[Stored data entries]
lemma prog_backward_step:
  assumes inv: "backward_inv A B S b (Suc j) M" and b: "24 + length (A @ B @ S) \<le> b"
  shows "reaches_within prog 35 (95, M) 95 (backward_inv A B S b j)"
proof -
  define g h where "g = suffix_match A S (Suc j)" and "h = suffix_match B S (Suc j)"
  have M: "layout A B S b M" "stored_at M b (A @ B @ S)" "Suc j \<le> length S" "M 14 = Suc j"
    "M 15 = g" "M 16 = h"
    using inv unfolding backward_inv_def g_def h_def by blast+
  have tables:
    "stored_at M (Suc (b + (length A + (length B + length S)) + j))
       (map (suffix_match A S) [Suc j..<Suc (length S)])"
    "stored_at M (Suc (Suc (b + (length A + (length B + length S)) + length S + j)))
       (map (suffix_match B S) [Suc j..<Suc (length S)])"
    using inv unfolding backward_inv_def by (simp_all del: upt_Suc)
  have upt_j: "[j..<Suc (length S)] = j # [Suc j..<Suc (length S)]"
    using M(3) by (simp add: upt_conv_Cons del: upt_Suc)
  have R: "M 3 = 1" "M 5 = length A" "M 6 = length B" "M 9 = b + length A"
    "M 10 = b + (length A + length B)" "M 11 = b + length (A @ B @ S)"
    "M 12 = b + length (A @ B @ S) + Suc (length S)"
    using M(1) by (simp_all add: layout_def)
  have y: "M (b + (length A + length B) + j) = S ! j"
    using stored_at_append_nth2[of M b "A @ B" S j] M(2,3) by simp
  have a: "M (b + length A - Suc g) = A ! (length A - Suc g)" "24 \<le> b + length A - Suc g"
    if "g < length A"
    using stored_at_append_nth1[OF M(2), of "length A - Suc g"] that b by simp_all
  have c: "M (b + (length A + length B) - Suc h) = B ! (length B - Suc h)"
    "24 \<le> b + (length A + length B) - Suc h"
    "b + (length A + length B) - Suc h \<noteq> b + (length A + (length B + length S)) + j"
    if "h < length B"
  proof -
    have "length B - Suc h < length B" using that by simp
    then have "M (b + length A + (length B - Suc h)) = B ! (length B - Suc h)"
      using stored_at_append_nth2[OF M(2), of "length B - Suc h"] by (simp add: nth_append)
    then show "M (b + (length A + length B) - Suc h) = B ! (length B - Suc h)"
      using that by (simp add: add.assoc)
    show "24 \<le> b + (length A + length B) - Suc h" using that b by simp
    show "b + (length A + length B) - Suc h \<noteq> b + (length A + (length B + length S)) + j"
      using that by simp
  qed
  have sA:
    "suffix_match A S j = g + (if g < length A \<and> A ! (length A - Suc g) = S ! j then 1 else 0)"
    using suffix_match_Suc[of j S A] M(3) by (simp add: g_def)
  have sB:
    "suffix_match B S j = h + (if h < length B \<and> B ! (length B - Suc h) = S ! j then 1 else 0)"
    using suffix_match_Suc[of j S B] M(3) by (simp add: h_def)
  \<comment> \<open>At a conditional jump simp turns the goal into a conjunction of implications;
    \<open>intro conjI impI\<close> separates the two branches, which are then executed in turn.\<close>
  show ?thesis
    using b M(3) apply -
    apply (rule reaches_within_step; simp add: exec_simps R M(4))
    apply ((rule reaches_within_stop,
           simp del: upt_Suc add: backward_inv_def exec_simps upt_j M(1,2,5,6) tables sA sB)
        | (rule reaches_within_step;
           simp del: add_is_0 add_eq_0_iff_both_eq_0 add: exec_simps R M(4,5,6) y a c absdiff_eq_0_iff)
        | intro conjI impI)+
    done
qed

lemma prog_backward_exit:
  assumes inv: "backward_inv A B S b 0 M" and b: "24 + length (A @ B @ S) \<le> b"
  shows "reaches_within prog 5 (95, M) 130 (forward_inv A B S b 0)"
proof -
  have M: "layout A B S b M" "stored_at M b (A @ B @ S)" "M 14 = 0"
    "stored_at M (b + length (A @ B @ S) + 0) (map (suffix_match A S) [0..<Suc (length S)])"
    "stored_at M (b + length (A @ B @ S) + Suc (length S) + 0)
       (map (suffix_match B S) [0..<Suc (length S)])"
    using inv unfolding backward_inv_def by blast+
  show ?thesis
    using b apply -
    apply ((rule reaches_within_stop, use M in \<open>simp del: upt_Suc add: forward_inv_def exec_simps\<close>)
        | (rule reaches_within_step; simp add: exec_simps M(3)))+
    done
qed

lemma prog_forward_step:
  assumes inv: "forward_inv A B S b k M" and k: "k < length S" and b: "24 + length (A @ B @ S) \<le> b"
  shows "reaches_within prog 40 (130, M) 130 (forward_inv A B S b (Suc k))"
proof -
  define P where "P = prune A B S k"
  define fa fb where "fa = match_len A P" and "fb = match_len B P"
  define da db where "da = suffix_match A S (Suc k)" and "db = suffix_match B S (Suc k)"
  have M: "layout A B S b M" "stored_at M b (A @ B @ S)"
    "stored_at M (b + length (A @ B @ S)) (map (suffix_match A S) [0..<Suc (length S)])"
    "stored_at M (b + length (A @ B @ S) + Suc (length S))
       (map (suffix_match B S) [0..<Suc (length S)])"
    "M 14 = k" "M 15 = fa" "M 16 = fb" "M 17 = length P"
    "stored_at M (b + length (A @ B @ S) + Suc (length S) + Suc (length S)) P"
    using inv unfolding forward_inv_def P_def fa_def fb_def by blast+
  have R: "M 3 = 1" "M 4 = length S" "M 5 = length A" "M 6 = length B" "M 8 = b" "M 9 = b + length A"
    "M 10 = b + (length A + length B)" "M 11 = b + length (A @ B @ S)"
    "M 12 = b + length (A @ B @ S) + Suc (length S)"
    "M 13 = b + length (A @ B @ S) + Suc (length S) + Suc (length S)"
    using M(1) by (simp_all add: layout_def)
  have y: "M (b + (length A + length B) + k) = S ! k"
    using stored_at_append_nth2[of M b "A @ B" S k] M(2) k by simp
  have d: "M (Suc (b + (length A + (length B + length S)) + k)) = da"
    "M (Suc (Suc (b + (length A + (length B + length S)) + length S + k))) = db"
    using stored_at_nth[OF M(3), of "Suc k"] stored_at_nth[OF M(4), of "Suc k"] k
    by (simp_all add: da_def db_def del: upt_Suc)
  have a: "M (b + fa) = A ! fa" if "fa < length A"
    using stored_at_append_nth1[OF M(2), of fa] that by (simp add: nth_append)
  have c: "M (b + length A + fb) = B ! fb" if "fb < length B"
    using stored_at_append_nth2[OF M(2), of fb] that by (simp add: nth_append)
  have pr: "prune A B S (Suc k) =
      (if length A \<le> fa + da \<and> length B \<le> fb + db then P else P @ [S ! k])"
    by (simp add: P_def fa_def fb_def da_def db_def common_supersequence_append_drop_iff)
  show ?thesis
    using b k apply -
    apply (rule reaches_within_step; simp add: exec_simps R M(5))
    apply ((rule reaches_within_stop, use M(3,4,9) in
           \<open>simp del: upt_Suc prune.simps add: forward_inv_def exec_simps M(1,2,6-8) pr
              match_len_snoc stored_at_snoc fa_def[symmetric] fb_def[symmetric]\<close>)
        | (rule reaches_within_step;
           simp del: add_is_0 add_eq_0_iff_both_eq_0 add: exec_simps R M(5-8) y d a c absdiff_eq_0_iff)
        | intro conjI impI)+
    done
qed

lemma prog_forward_exit:
  assumes inv: "forward_inv A B S b (length S) M" and b: "24 + length (A @ B @ S) \<le> b"
  shows "reaches_within prog 6 (130, M) 174 (\<lambda>M. ram_output M = prune A B S (length S))"
proof -
  have M: "layout A B S b M" "M 14 = length S" "M 17 = length (prune A B S (length S))"
    "stored_at M (b + length (A @ B @ S) + Suc (length S) + Suc (length S)) (prune A B S (length S))"
    using inv unfolding forward_inv_def by blast+
  have R: "M 4 = length S" "M 13 = b + length (A @ B @ S) + Suc (length S) + Suc (length S)"
    using M(1) by (simp_all add: layout_def)
  show ?thesis
    using b apply -
    apply ((rule reaches_within_stop, rule ram_output_eqI; use M(4) in simp)
        | (rule reaches_within_step; simp add: exec_simps R M(2,3)))+
    done
qed

lemma prog_empty_input:
  assumes "A @ B @ S = []"
  shows "reaches_within prog 3 (0, init_mem A B S) 174 (\<lambda>M. ram_output M = [])"
proof -
  have I: "init_mem A B S 0 = 0" "init_mem A B S (Suc 0) = 0" "init_mem A B S 2 = 0"
    using assms by (simp_all add: init_mem_def)
  show ?thesis
    apply ((rule reaches_within_stop, simp add: ram_output_def)
        | (rule reaches_within_step; simp add: exec_simps I))+
    done
qed
(*
  The energy is submodular for the pointwise lattice operations,
  E (min f g) + E (max f g) <= E f + E g: the Dirichlet energy is submodular and the
  potential W(h) is modular. So if h_* has zero boundary values and h' is a minimizer with
  boundary values h0, h1 >= 0, then min h_* h' is again a minimizer with zero boundary
  values (dually max h' h_* when h0, h1 <= 0), and the comparison follows from almost sure
  uniqueness of h_*.

  For uniqueness, suppose two zero-boundary minimizers satisfy h(x) <= b < c <= g(x) at an
  interior site x, with b, c rational. Then the infimum of E over height functions below b
  at x and the infimum over those above c at x both equal min E. Shifted by W(x, b) and
  W(x, c) respectively, these infima (taken over the countably many rational height
  functions) become measurable functions of increments of W that avoid the interval (b, c)
  at site x, hence are independent of W(x, c) - W(x, b). As the latter has a density, it
  coincides with the difference of the shifted infima only on a null set, and a countable
  union over (x, b, c) gives uniqueness.
*)

section \<open>Submodularity of the energy\<close>

lemma min_max_diff_sq_le:
  fixes a b c d :: real
  shows "(min a b - min c d)\<^sup>2 + (max a b - max c d)\<^sup>2 \<le> (a - c)\<^sup>2 + (b - d)\<^sup>2"
proof (cases "a \<le> b"; cases "c \<le> d")
  assume "a \<le> b" "\<not> c \<le> d"
  then have "0 \<le> (b - a) * (c - d)" by simp
  with \<open>a \<le> b\<close> \<open>\<not> c \<le> d\<close> show ?thesis
    by (simp add: min_def max_def power2_eq_square algebra_simps)
next
  assume "\<not> a \<le> b" "c \<le> d"
  then have "0 \<le> (a - b) * (d - c)" by simp
  with \<open>\<not> a \<le> b\<close> \<open>c \<le> d\<close> show ?thesis
    by (simp add: min_def max_def power2_eq_square algebra_simps)
qed (auto simp: min_def max_def)

lemma Dir_min_max_le:
  "Dir L (\<lambda>y. min (f y) (g y)) + Dir L (\<lambda>y. max (f y) (g y)) \<le> Dir L f + Dir L g"
proof -
  have "(\<Sum>x = 1..L. (min (f x) (g x) - min (f (x - 1)) (g (x - 1)))\<^sup>2)
      + (\<Sum>x = 1..L. (max (f x) (g x) - max (f (x - 1)) (g (x - 1)))\<^sup>2)
    \<le> (\<Sum>x = 1..L. (f x - f (x - 1))\<^sup>2) + (\<Sum>x = 1..L. (g x - g (x - 1))\<^sup>2)"
    unfolding sum.distrib[symmetric] by (intro sum_mono min_max_diff_sq_le)
  then show ?thesis
    unfolding Dir_def by simp
qed

lemma Wpot_min_max:
  "Wpot L W w (\<lambda>y. min (f y) (g y)) + Wpot L W w (\<lambda>y. max (f y) (g y)) = Wpot L W w f + Wpot L W w g"
proof -
  have "W y (min a b) w + W y (max a b) w = W y a w + W y b w" for y a b
    by (cases "a \<le> b") (auto simp: min_def max_def)
  then show ?thesis
    unfolding Wpot_def by (simp add: sum.distrib[symmetric])
qed

lemma Energy_min_max_le:
  "Energy L W w (\<lambda>y. min (f y) (g y)) + Energy L W w (\<lambda>y. max (f y) (g y))
     \<le> Energy L W w f + Energy L W w g"
  using Dir_min_max_le[of L f g] Wpot_min_max[of L W w f g] unfolding Energy_def by linarith

lemma is_minimizer_min_max:
  assumes h: "is_minimizer L W w a b h" and g: "is_minimizer L W w c d g"
    and "a \<le> c" "b \<le> d"
  shows "is_minimizer L W w a b (\<lambda>y. min (h y) (g y))"
    and "is_minimizer L W w c d (\<lambda>y. max (h y) (g y))"
proof -
  let ?m = "\<lambda>y. min (h y) (g y)" and ?M = "\<lambda>y. max (h y) (g y)"
  have bdry: "?m 0 = a" "?m L = b" "?M 0 = c" "?M L = d"
    using h g \<open>a \<le> c\<close> \<open>b \<le> d\<close> unfolding is_minimizer_def by auto
  have "Energy L W w h \<le> Energy L W w ?m" "Energy L W w g \<le> Energy L W w ?M"
    using h g bdry unfolding is_minimizer_def by auto
  then have "Energy L W w ?m = Energy L W w h" "Energy L W w ?M = Energy L W w g"
    using Energy_min_max_le[of L W w h g] by linarith+
  then show "is_minimizer L W w a b ?m" "is_minimizer L W w c d ?M"
    using h g bdry unfolding is_minimizer_def by auto
qed

lemma unique_zero_boundary_minimizer_le:
  assumes hstar: "is_minimizer L W w 0 0 hstar"
    and unique: "\<And>g. is_minimizer L W w 0 0 g \<Longrightarrow> \<forall>x\<le>L. g x = hstar x"
    and h': "is_minimizer L W w h0 h1 h'" and "0 \<le> h0" "0 \<le> h1"
  shows "\<forall>x\<le>L. hstar x \<le> h' x"
proof -
  have "is_minimizer L W w 0 0 (\<lambda>y. min (hstar y) (h' y))"
    using is_minimizer_min_max(1)[OF hstar h'] assms(4,5) by blast
  then show ?thesis
    using unique by (metis min.cobounded2)
qed

lemma unique_zero_boundary_minimizer_ge:
  assumes hstar: "is_minimizer L W w 0 0 hstar"
    and unique: "\<And>g. is_minimizer L W w 0 0 g \<Longrightarrow> \<forall>x\<le>L. g x = hstar x"
    and h': "is_minimizer L W w h0 h1 h'" and "h0 \<le> 0" "h1 \<le> 0"
  shows "\<forall>x\<le>L. h' x \<le> hstar x"
proof -
  have "is_minimizer L W w 0 0 (\<lambda>y. max (h' y) (hstar y))"
    using is_minimizer_min_max(2)[OF h' hstar] assms(4,5) by blast
  then show ?thesis
    using unique by (metis max.cobounded1)
qed

section \<open>Approximation by rational height functions\<close>

definition rat_below :: "real \<Rightarrow> nat \<Rightarrow> rat" where
  "rat_below t n = of_int \<lfloor>t * real (Suc n)\<rfloor> / of_nat (Suc n)"

definition rat_above :: "real \<Rightarrow> nat \<Rightarrow> rat" where
  "rat_above t n = - rat_below (- t) n"

lemma of_rat_rat_below: "of_rat (rat_below t n) = of_int \<lfloor>t * real (Suc n)\<rfloor> / real (Suc n)"
  unfolding rat_below_def of_rat_divide of_rat_of_int_eq of_rat_of_nat_eq ..

lemma rat_below_le: "of_rat (rat_below t n) \<le> t"
proof -
  have "of_int \<lfloor>t * real (Suc n)\<rfloor> \<le> t * real (Suc n)"
    by simp
  then show ?thesis
    unfolding of_rat_rat_below by (simp add: divide_le_eq)
qed

lemma rat_below_ge: "t - 1 / real (Suc n) \<le> of_rat (rat_below t n)"
proof -
  have "t * real (Suc n) - 1 \<le> of_int \<lfloor>t * real (Suc n)\<rfloor>"
    by linarith
  then show ?thesis
    unfolding of_rat_rat_below by (simp add: le_divide_eq left_diff_distrib)
qed

lemma rat_below_tendsto: "(\<lambda>n. of_rat (rat_below t n)) \<longlonglongrightarrow> t"
proof (rule tendsto_sandwich[of "\<lambda>n. t - 1 / real (Suc n)" _ _ "\<lambda>_. t"])
  show "(\<lambda>n. t - 1 / real (Suc n)) \<longlonglongrightarrow> t"
    using tendsto_diff[OF tendsto_const LIMSEQ_inverse_real_of_nat, of t]
    by (simp add: inverse_eq_divide)
qed (use rat_below_le rat_below_ge in auto)

lemma rat_above_ge: "t \<le> of_rat (rat_above t n)"
  using rat_below_le[of "- t" n] by (simp add: rat_above_def of_rat_minus)

lemma rat_above_tendsto: "(\<lambda>n. of_rat (rat_above t n)) \<longlonglongrightarrow> t"
  using tendsto_minus[OF rat_below_tendsto[of "- t"]] by (simp add: rat_above_def of_rat_minus)

lemma Energy_tendsto:
  assumes cont: "\<forall>y\<in>{1..L - 1}. continuous_on UNIV (\<lambda>t. W y t w)"
    and lim: "\<And>y. y \<le> L \<Longrightarrow> (\<lambda>n. F n y) \<longlonglongrightarrow> h y"
  shows "(\<lambda>n. Energy L W w (F n)) \<longlonglongrightarrow> Energy L W w h"
proof -
  have "(\<lambda>n. Dir L (F n)) \<longlonglongrightarrow> Dir L h"
    unfolding Dir_def by (intro tendsto_intros lim) auto
  moreover have "(\<lambda>n. W y (F n y) w) \<longlonglongrightarrow> W y (h y) w" if "y \<in> {1..L - 1}" for y
  proof -
    have "isCont (\<lambda>t. W y t w) (h y)"
      using cont that by (simp add: continuous_on_eq_continuous_at)
    moreover have "y \<le> L"
      using that by auto
    ultimately show ?thesis
      using lim isCont_tendsto_compose by blast
  qed
  then have "(\<lambda>n. Wpot L W w (F n)) \<longlonglongrightarrow> Wpot L W w h"
    unfolding Wpot_def by (intro tendsto_sum)
  ultimately show ?thesis
    unfolding Energy_def by (intro tendsto_diff)
qed

definition rat_profile :: "nat \<Rightarrow> (nat \<Rightarrow> rat) \<Rightarrow> nat \<Rightarrow> real" where
  "rat_profile L f y = (if y \<in> {1..L - 1} then of_rat (f y) else 0)"

definition rat_profiles :: "nat \<Rightarrow> (nat \<Rightarrow> rat) set" where
  "rat_profiles L = {1..L - 1} \<rightarrow>\<^sub>E UNIV"

lemma rat_profile_boundary: "rat_profile L f 0 = 0" "rat_profile L f L = 0"
  by (auto simp: rat_profile_def)

lemma countable_rat_profiles: "countable (rat_profiles L)"
  unfolding rat_profiles_def by (intro countable_PiE) auto

lemma INF_Energy_rat_profile:
  assumes cont: "\<forall>y\<in>{1..L - 1}. continuous_on UNIV (\<lambda>t. W y t w)"
    and h: "is_minimizer L W w 0 0 h"
    and fs: "\<And>n. fs n \<in> S"
    and lim: "\<And>y. y \<in> {1..L - 1} \<Longrightarrow> (\<lambda>n. of_rat (fs n y)) \<longlonglongrightarrow> h y"
  shows "(INF f\<in>S. ereal (Energy L W w (rat_profile L f) + c)) = ereal (Energy L W w h + c)"
proof (rule antisym)
  have "(\<lambda>n. Energy L W w (rat_profile L (fs n))) \<longlonglongrightarrow> Energy L W w h"
  proof (rule Energy_tendsto[where W = W and w = w, OF cont])
    fix y assume "y \<le> L"
    show "(\<lambda>n. rat_profile L (fs n) y) \<longlonglongrightarrow> h y"
    proof (cases "y \<in> {1..L - 1}")
      case True
      then show ?thesis using lim[of y] by (simp add: rat_profile_def)
    next
      case False
      with \<open>y \<le> L\<close> have "y = 0 \<or> y = L" by auto
      with h False show ?thesis by (auto simp: rat_profile_def is_minimizer_def)
    qed
  qed
  then have "(\<lambda>n. ereal (Energy L W w (rat_profile L (fs n)) + c)) \<longlonglongrightarrow> ereal (Energy L W w h + c)"
    by (intro tendsto_intros)
  then show "(INF f\<in>S. ereal (Energy L W w (rat_profile L f) + c)) \<le> ereal (Energy L W w h + c)"
    by (rule LIMSEQ_le_const) (auto intro!: INF_lower fs)
  have "Energy L W w h \<le> Energy L W w (rat_profile L f)" for f
    using h rat_profile_boundary unfolding is_minimizer_def by blast
  then show "ereal (Energy L W w h + c) \<le> (INF f\<in>S. ereal (Energy L W w (rat_profile L f) + c))"
    by (intro INF_greatest) simp
qed

section \<open>Minimal energies as functions of the increments of W\<close>

fun increment :: "(nat \<Rightarrow> real \<Rightarrow> 'a \<Rightarrow> real) \<Rightarrow> nat \<times> rat \<times> rat \<Rightarrow> 'a \<Rightarrow> real" where
  "increment W (y, s, t) = (\<lambda>w. W y (of_rat t) w - W y (of_rat s) w)"

definition increments_avoiding :: "nat \<Rightarrow> nat \<Rightarrow> rat \<Rightarrow> rat \<Rightarrow> (nat \<times> rat \<times> rat) set" where
  "increments_avoiding L x b c =
     {(y, s, t). y \<in> {1..L - 1} \<and> (y \<noteq> x \<or> s \<le> b \<and> t \<le> b \<or> c \<le> s \<and> c \<le> t)}"

text \<open>The energy of the profile plus W(x, a), written through increments of W: over [0, f y]
  at the sites y \<noteq> x (using W(y, 0) = 0) and over [a, f x] at x.\<close>

definition energy_of_increments ::
  "nat \<Rightarrow> nat \<Rightarrow> rat \<Rightarrow> (nat \<times> rat \<times> rat \<Rightarrow> real) \<Rightarrow> (nat \<Rightarrow> rat) \<Rightarrow> real" where
  "energy_of_increments L x a v f =
     Dir L (rat_profile L f) - (\<Sum>y\<in>{1..L - 1} - {x}. v (y, 0, f y)) - v (x, a, f x)"

definition min_energy_of_increments ::
  "nat \<Rightarrow> nat \<Rightarrow> rat \<Rightarrow> rat set \<Rightarrow> (nat \<times> rat \<times> rat \<Rightarrow> real) \<Rightarrow> ereal" where
  "min_energy_of_increments L x a A v =
     (INF f\<in>{f \<in> rat_profiles L. f x \<in> A}. ereal (energy_of_increments L x a v f))"

definition level_gap :: "nat \<Rightarrow> nat \<Rightarrow> rat \<Rightarrow> rat \<Rightarrow> (nat \<times> rat \<times> rat \<Rightarrow> real) \<Rightarrow> real" where
  "level_gap L x b c v =
     real_of_ereal (min_energy_of_increments L x c {c..} v)
     - real_of_ereal (min_energy_of_increments L x b {..b} v)"

lemma energy_of_increments_eq:
  assumes W0: "\<forall>y\<in>{1..L - 1}. W y 0 w = 0" and x: "x \<in> {1..L - 1}"
    and a: "(x, a, f x) \<in> increments_avoiding L x b c"
  shows "energy_of_increments L x a (\<lambda>k\<in>increments_avoiding L x b c. increment W k w) f
    = Energy L W w (rat_profile L f) + W x (of_rat a) w"
proof -
  have "(y, 0, f y) \<in> increments_avoiding L x b c" if "y \<in> {1..L - 1} - {x}" for y
    using that by (simp add: increments_avoiding_def)
  then have "(\<Sum>y\<in>{1..L - 1} - {x}. (\<lambda>k\<in>increments_avoiding L x b c. increment W k w) (y, 0, f y))
      = (\<Sum>y\<in>{1..L - 1} - {x}. W y (rat_profile L f y) w)"
    using W0 by (intro sum.cong) (auto simp: rat_profile_def)
  moreover have "Wpot L W w (rat_profile L f)
      = W x (of_rat (f x)) w + (\<Sum>y\<in>{1..L - 1} - {x}. W y (rat_profile L f y) w)"
    using x by (simp add: Wpot_def sum.remove rat_profile_def)
  ultimately show ?thesis
    using a by (simp add: energy_of_increments_def Energy_def)
qed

PROBLEM REQUIREMENTS: Pull out all lines containing the word "cases" from the entries above.

ANSWER SECTION:
proof (cases "a \<le> b"; cases "c \<le> d")
    by (cases "a \<le> b") (auto simp: min_def max_def)
    proof (cases "y \<in> {1..L - 1}")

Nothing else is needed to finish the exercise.